*** Begin section ***

(* Let $(\Omega,\mathcal{F})$ be a measurable space, $\mathrm{B}_b$ the space of bounded real-valued measurable functions on $\Omega$, and $C\subset\mathrm{B}_b$ a linear subspace containing all constant functions. Let $H\colon C\to\mathbb{R}$ be a convex premium principle and let $R_{\mathrm{Max}}(X):=\inf\{H(X_0)\mid X_0\in C,\ X_0\ge X\}$ for $X\in\mathrm{B}_b$. Then $$R_{\mathrm{Max}}(X)=\max_{\mathbb{P}\in\mathrm{ba}_+^1}\big(\mathbb{E}_{\mathbb{P}}(X)-H^*(\mathbb{P})\big)\quad\text{for all }X\in\mathrm{B}_b,$$ and $$H^*(\mathbb{P})=\sup_{X\in\mathrm{B}_b}\big(\mathbb{E}_{\mathbb{P}}(X)-R_{\mathrm{Max}}(X)\big)\quad\text{for all }\mathbb{P}\in\mathrm{ba}_+^1.$$
   Context: A premium principle is a map $H\colon C\to\mathbb{R}$ with $H(X+m)=H(X)+m$ for $X\in C$, $m\in\mathbb{R}$, $H(0)=0$, and $H(X)\ge 0$ for $X\in C$ with $X\ge 0$ (pointwise order). $H$ is convex if $H(\lambda X+(1-\lambda)Y)\le\lambda H(X)+(1-\lambda)H(Y)$ for $\lambda\in[0,1]$, $X,Y\in C$. $\mathrm{ba}_+^1$ denotes the set of finitely additive probability measures on $(\Omega,\mathcal{F})$, $\mathbb{E}_{\mathbb{P}}$ the corresponding integral of bounded measurable functions, and $H^*(\mathbb{P}):=\sup_{X\in C}(\mathbb{E}_{\mathbb{P}}(X)-H(X))\in[0,\infty]$. *)

theory Defs
  imports "HOL-Analysis.Analysis"
begin

text \<open>The measurable space (Omega, F) is represented by the type 'a as Omega
  and a sigma-algebra F on UNIV.\<close>

definition meas_wrt :: "'a set set \<Rightarrow> ('a \<Rightarrow> real) \<Rightarrow> bool" where
  "meas_wrt F X \<longleftrightarrow> (\<forall>B \<in> sets borel. X -` B \<in> F)"

definition Bb :: "'a set set \<Rightarrow> ('a \<Rightarrow> real) set" where
  "Bb F = {X. meas_wrt F X \<and> (\<exists>c. \<forall>x. \<bar>X x\<bar> \<le> c)}"

definition ba1 :: "'a set set \<Rightarrow> ('a set \<Rightarrow> real) set" where
  "ba1 F = {P. (\<forall>A\<in>F. 0 \<le> P A) \<and> P UNIV = 1 \<and>
     (\<forall>A\<in>F. \<forall>B\<in>F. A \<inter> B = {} \<longrightarrow> P (A \<union> B) = P A + P B)}"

*** End section ***

Search the entries for the line holding "theory Defs". Return that line and the ones after it through the last, exactly.

theory Defs
  imports "HOL-Analysis.Analysis"
begin

text \<open>The measurable space (Omega, F) is represented by the type 'a as Omega
  and a sigma-algebra F on UNIV.\<close>

definition meas_wrt :: "'a set set \<Rightarrow> ('a \<Rightarrow> real) \<Rightarrow> bool" where
  "meas_wrt F X \<longleftrightarrow> (\<forall>B \<in> sets borel. X -` B \<in> F)"

definition Bb :: "'a set set \<Rightarrow> ('a \<Rightarrow> real) set" where
  "Bb F = {X. meas_wrt F X \<and> (\<exists>c. \<forall>x. \<bar>X x\<bar> \<le> c)}"

definition ba1 :: "'a set set \<Rightarrow> ('a set \<Rightarrow> real) set" where
  "ba1 F = {P. (\<forall>A\<in>F. 0 \<le> P A) \<and> P UNIV = 1 \<and>
     (\<forall>A\<in>F. \<forall>B\<in>F. A \<inter> B = {} \<longrightarrow> P (A \<union> B) = P A + P B)}"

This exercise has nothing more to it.